Stored items from a collection:
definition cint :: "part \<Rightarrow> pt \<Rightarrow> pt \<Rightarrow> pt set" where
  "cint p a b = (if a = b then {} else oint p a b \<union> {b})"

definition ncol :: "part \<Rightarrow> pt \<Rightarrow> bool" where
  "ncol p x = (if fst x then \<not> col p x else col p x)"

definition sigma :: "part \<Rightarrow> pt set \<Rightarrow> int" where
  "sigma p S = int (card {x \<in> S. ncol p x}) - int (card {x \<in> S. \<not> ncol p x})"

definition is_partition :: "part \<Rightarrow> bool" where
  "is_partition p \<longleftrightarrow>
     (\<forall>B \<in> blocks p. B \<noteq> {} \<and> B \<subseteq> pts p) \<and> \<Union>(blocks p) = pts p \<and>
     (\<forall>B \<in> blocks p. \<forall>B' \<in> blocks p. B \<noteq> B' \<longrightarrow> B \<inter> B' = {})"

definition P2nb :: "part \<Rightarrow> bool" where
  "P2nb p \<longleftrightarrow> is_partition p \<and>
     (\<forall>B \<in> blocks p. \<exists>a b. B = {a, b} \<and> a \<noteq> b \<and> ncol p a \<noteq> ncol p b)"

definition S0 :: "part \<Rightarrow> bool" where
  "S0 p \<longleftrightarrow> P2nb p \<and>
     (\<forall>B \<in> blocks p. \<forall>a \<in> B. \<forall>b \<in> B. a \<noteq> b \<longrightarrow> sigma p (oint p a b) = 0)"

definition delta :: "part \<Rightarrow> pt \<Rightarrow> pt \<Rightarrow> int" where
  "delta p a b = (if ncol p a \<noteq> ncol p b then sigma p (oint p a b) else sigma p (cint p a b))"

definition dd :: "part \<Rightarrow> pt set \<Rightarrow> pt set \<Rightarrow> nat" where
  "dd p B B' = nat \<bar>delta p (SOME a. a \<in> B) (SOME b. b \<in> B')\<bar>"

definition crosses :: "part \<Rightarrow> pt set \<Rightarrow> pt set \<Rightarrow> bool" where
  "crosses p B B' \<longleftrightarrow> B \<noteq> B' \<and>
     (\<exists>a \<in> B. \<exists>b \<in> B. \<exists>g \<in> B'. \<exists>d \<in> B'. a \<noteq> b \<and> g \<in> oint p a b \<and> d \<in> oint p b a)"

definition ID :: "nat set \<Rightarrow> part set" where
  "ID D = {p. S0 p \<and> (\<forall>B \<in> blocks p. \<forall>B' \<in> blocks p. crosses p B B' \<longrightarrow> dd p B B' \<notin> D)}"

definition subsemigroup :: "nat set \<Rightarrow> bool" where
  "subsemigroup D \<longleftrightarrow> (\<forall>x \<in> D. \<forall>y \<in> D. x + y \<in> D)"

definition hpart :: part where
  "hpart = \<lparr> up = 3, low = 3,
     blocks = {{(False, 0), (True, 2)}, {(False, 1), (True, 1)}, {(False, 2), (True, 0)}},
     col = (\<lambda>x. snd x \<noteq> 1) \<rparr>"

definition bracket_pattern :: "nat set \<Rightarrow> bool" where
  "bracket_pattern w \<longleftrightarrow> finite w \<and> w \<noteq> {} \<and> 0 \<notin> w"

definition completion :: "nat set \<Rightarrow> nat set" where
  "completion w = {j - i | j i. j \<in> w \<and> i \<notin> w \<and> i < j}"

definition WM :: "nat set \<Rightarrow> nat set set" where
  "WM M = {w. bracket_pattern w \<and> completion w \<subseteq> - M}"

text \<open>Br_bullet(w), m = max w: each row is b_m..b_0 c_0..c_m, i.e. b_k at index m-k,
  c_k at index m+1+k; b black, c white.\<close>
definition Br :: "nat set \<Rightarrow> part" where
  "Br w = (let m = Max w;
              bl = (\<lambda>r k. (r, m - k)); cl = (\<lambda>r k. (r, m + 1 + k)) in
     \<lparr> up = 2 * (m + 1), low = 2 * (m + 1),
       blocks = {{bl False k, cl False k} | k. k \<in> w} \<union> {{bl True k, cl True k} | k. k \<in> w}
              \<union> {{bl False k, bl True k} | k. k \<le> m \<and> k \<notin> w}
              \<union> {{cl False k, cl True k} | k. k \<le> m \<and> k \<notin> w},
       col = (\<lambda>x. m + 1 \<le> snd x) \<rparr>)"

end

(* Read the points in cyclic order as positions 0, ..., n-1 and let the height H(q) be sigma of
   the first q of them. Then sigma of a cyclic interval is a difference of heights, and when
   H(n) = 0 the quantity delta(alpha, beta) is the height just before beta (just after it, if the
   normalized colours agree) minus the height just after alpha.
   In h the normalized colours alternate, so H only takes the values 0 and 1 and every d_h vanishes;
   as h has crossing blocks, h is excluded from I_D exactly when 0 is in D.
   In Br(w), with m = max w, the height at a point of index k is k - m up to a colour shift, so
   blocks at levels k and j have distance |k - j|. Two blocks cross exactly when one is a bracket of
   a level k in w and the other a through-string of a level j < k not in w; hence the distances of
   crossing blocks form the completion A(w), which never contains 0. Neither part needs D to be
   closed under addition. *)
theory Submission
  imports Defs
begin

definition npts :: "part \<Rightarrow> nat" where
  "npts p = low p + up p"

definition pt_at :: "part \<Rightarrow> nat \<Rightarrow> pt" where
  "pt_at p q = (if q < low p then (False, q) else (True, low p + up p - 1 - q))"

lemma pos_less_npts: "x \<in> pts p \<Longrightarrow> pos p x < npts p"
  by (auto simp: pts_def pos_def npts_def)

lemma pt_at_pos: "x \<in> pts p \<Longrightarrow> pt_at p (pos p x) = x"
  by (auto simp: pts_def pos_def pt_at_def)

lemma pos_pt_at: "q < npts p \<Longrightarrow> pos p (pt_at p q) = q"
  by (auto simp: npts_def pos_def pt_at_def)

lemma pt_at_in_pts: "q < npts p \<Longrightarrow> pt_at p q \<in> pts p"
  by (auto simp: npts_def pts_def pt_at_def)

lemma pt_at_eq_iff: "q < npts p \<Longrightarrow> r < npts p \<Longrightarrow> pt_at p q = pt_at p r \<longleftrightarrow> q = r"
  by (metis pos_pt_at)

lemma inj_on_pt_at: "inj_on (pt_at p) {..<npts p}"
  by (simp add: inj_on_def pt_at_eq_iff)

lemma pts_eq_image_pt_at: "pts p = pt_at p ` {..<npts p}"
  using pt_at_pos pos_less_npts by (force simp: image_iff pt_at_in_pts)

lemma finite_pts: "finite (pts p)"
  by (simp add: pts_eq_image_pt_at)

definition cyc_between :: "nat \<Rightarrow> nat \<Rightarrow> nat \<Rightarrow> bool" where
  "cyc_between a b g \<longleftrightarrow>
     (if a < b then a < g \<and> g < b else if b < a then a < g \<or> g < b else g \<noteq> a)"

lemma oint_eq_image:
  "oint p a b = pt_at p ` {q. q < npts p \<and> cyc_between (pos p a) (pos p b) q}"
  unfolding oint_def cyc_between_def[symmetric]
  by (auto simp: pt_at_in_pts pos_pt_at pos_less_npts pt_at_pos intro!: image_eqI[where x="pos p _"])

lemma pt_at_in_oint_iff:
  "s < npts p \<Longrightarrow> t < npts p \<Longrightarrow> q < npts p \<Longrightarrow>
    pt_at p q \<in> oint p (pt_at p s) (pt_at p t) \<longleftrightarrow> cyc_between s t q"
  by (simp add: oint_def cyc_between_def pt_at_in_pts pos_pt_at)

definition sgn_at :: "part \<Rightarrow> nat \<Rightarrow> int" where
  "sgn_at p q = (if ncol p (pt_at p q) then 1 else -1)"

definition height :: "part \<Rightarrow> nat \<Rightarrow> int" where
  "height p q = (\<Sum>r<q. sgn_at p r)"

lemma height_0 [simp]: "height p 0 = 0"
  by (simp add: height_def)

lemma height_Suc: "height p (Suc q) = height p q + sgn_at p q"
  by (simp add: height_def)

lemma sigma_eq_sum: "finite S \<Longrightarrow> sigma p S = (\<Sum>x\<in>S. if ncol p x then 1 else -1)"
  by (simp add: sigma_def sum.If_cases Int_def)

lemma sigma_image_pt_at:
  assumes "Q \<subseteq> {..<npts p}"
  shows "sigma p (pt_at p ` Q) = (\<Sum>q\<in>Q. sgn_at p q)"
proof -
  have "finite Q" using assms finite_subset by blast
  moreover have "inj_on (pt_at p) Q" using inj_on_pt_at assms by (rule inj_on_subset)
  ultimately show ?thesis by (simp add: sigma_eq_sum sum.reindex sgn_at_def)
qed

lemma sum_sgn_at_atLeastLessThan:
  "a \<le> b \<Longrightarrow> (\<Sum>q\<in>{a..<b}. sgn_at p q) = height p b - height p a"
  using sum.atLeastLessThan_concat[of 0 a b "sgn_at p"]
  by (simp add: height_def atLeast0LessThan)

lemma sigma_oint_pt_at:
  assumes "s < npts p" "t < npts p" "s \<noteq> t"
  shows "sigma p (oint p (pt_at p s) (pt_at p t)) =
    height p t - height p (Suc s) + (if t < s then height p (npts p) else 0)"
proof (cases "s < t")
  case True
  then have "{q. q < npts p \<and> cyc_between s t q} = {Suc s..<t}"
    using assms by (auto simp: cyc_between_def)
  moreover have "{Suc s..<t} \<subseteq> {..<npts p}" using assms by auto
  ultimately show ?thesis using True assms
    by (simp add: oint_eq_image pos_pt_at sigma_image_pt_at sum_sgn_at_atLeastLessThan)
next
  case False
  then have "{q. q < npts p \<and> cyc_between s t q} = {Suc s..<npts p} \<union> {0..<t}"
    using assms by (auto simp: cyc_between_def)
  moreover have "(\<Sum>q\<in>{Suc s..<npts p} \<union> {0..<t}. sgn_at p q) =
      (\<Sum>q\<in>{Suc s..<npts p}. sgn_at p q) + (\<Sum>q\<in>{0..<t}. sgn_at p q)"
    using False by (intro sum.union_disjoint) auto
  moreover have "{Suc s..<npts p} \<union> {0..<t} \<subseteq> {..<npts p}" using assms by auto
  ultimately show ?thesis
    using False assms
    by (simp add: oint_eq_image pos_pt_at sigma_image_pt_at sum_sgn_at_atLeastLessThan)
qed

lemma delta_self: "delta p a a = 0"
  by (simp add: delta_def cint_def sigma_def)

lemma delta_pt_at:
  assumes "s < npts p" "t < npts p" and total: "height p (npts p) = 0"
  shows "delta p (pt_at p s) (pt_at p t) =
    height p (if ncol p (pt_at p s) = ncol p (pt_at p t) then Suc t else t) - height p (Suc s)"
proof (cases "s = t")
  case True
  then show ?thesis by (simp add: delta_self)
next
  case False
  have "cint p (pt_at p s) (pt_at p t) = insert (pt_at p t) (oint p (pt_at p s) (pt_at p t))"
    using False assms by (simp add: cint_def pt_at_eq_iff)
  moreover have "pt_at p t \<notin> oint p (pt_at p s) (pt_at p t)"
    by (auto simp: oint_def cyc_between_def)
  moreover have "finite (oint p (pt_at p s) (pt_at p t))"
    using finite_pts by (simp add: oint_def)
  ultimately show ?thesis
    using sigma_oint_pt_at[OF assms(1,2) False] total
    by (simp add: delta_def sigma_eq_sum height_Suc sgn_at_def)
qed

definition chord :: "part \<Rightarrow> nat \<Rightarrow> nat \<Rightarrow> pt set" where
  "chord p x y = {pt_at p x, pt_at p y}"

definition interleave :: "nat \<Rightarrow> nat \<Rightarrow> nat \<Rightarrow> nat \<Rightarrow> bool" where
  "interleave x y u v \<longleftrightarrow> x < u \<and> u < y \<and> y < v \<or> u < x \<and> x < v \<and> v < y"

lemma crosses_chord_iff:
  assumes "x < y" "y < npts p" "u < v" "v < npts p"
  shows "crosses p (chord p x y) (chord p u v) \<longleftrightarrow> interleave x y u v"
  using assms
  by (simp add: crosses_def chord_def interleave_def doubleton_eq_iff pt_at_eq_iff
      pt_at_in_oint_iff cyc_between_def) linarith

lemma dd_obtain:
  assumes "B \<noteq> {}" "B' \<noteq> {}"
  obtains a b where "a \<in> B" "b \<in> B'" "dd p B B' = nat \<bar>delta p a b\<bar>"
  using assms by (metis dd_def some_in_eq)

...

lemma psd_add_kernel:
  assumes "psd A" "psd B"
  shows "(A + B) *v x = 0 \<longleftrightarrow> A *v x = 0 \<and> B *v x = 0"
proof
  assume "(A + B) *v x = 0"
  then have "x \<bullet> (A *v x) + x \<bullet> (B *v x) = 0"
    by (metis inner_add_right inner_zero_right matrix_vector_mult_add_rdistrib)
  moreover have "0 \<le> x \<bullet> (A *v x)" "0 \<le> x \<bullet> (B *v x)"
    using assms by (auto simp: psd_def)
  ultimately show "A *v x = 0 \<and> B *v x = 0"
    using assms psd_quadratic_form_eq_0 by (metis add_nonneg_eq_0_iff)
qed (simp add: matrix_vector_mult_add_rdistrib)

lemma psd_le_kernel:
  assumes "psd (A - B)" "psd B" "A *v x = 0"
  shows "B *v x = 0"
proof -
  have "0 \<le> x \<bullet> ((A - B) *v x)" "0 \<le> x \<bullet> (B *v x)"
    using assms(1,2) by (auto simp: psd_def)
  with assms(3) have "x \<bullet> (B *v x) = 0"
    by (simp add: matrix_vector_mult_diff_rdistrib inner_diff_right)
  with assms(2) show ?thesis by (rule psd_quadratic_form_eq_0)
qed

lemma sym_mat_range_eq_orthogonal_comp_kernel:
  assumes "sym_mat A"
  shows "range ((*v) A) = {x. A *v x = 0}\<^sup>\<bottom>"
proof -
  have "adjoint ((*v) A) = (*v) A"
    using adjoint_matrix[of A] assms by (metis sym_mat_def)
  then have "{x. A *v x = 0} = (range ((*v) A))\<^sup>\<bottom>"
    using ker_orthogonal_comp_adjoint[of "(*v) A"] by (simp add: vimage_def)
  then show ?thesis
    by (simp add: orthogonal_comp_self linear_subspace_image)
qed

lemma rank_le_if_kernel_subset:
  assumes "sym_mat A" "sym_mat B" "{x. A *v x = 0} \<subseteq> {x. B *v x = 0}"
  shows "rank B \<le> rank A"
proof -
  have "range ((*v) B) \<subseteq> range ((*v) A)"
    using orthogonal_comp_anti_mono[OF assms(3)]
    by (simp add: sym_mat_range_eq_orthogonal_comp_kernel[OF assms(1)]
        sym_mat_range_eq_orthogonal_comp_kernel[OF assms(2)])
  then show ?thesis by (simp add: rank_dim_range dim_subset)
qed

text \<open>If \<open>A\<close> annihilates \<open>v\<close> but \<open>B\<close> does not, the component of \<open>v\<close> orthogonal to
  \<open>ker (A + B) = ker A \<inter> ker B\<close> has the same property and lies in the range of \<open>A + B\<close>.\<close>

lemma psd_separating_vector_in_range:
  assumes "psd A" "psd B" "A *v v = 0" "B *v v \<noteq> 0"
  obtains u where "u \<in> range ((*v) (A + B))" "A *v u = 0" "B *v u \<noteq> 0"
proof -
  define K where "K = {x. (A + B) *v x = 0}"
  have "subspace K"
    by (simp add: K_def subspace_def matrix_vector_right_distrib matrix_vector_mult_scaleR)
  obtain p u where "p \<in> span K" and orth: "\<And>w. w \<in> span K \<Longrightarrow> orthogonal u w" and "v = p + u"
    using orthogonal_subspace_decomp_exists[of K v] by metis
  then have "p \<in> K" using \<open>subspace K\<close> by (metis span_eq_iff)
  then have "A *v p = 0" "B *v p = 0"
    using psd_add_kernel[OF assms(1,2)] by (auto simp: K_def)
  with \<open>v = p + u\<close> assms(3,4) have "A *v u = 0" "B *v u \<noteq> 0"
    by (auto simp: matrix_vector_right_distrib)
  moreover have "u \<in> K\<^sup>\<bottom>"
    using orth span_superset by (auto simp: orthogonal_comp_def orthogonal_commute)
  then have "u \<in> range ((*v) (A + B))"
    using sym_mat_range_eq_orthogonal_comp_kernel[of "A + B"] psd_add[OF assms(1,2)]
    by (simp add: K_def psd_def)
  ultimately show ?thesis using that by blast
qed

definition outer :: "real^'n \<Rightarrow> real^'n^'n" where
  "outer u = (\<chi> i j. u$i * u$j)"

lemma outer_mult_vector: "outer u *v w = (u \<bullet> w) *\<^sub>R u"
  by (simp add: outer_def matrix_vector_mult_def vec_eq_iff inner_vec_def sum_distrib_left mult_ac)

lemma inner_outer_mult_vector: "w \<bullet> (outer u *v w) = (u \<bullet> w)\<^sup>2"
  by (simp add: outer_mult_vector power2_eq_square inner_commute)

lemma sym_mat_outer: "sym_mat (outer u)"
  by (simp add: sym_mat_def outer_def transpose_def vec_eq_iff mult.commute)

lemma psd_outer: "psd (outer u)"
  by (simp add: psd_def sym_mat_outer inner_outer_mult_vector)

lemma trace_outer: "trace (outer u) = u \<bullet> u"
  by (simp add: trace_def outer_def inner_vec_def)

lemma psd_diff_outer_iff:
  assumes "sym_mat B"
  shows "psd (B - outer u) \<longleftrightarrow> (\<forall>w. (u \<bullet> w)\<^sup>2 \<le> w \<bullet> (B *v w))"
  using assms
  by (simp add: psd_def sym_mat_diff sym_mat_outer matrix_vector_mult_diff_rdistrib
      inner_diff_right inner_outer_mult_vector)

▶ Task prompt
Lines containing the word "just": copy every one of them from the records above.

▶ Solution
   H(n) = 0 the quantity delta(alpha, beta) is the height just before beta (just after it, if the
   normalized colours agree) minus the height just after alpha.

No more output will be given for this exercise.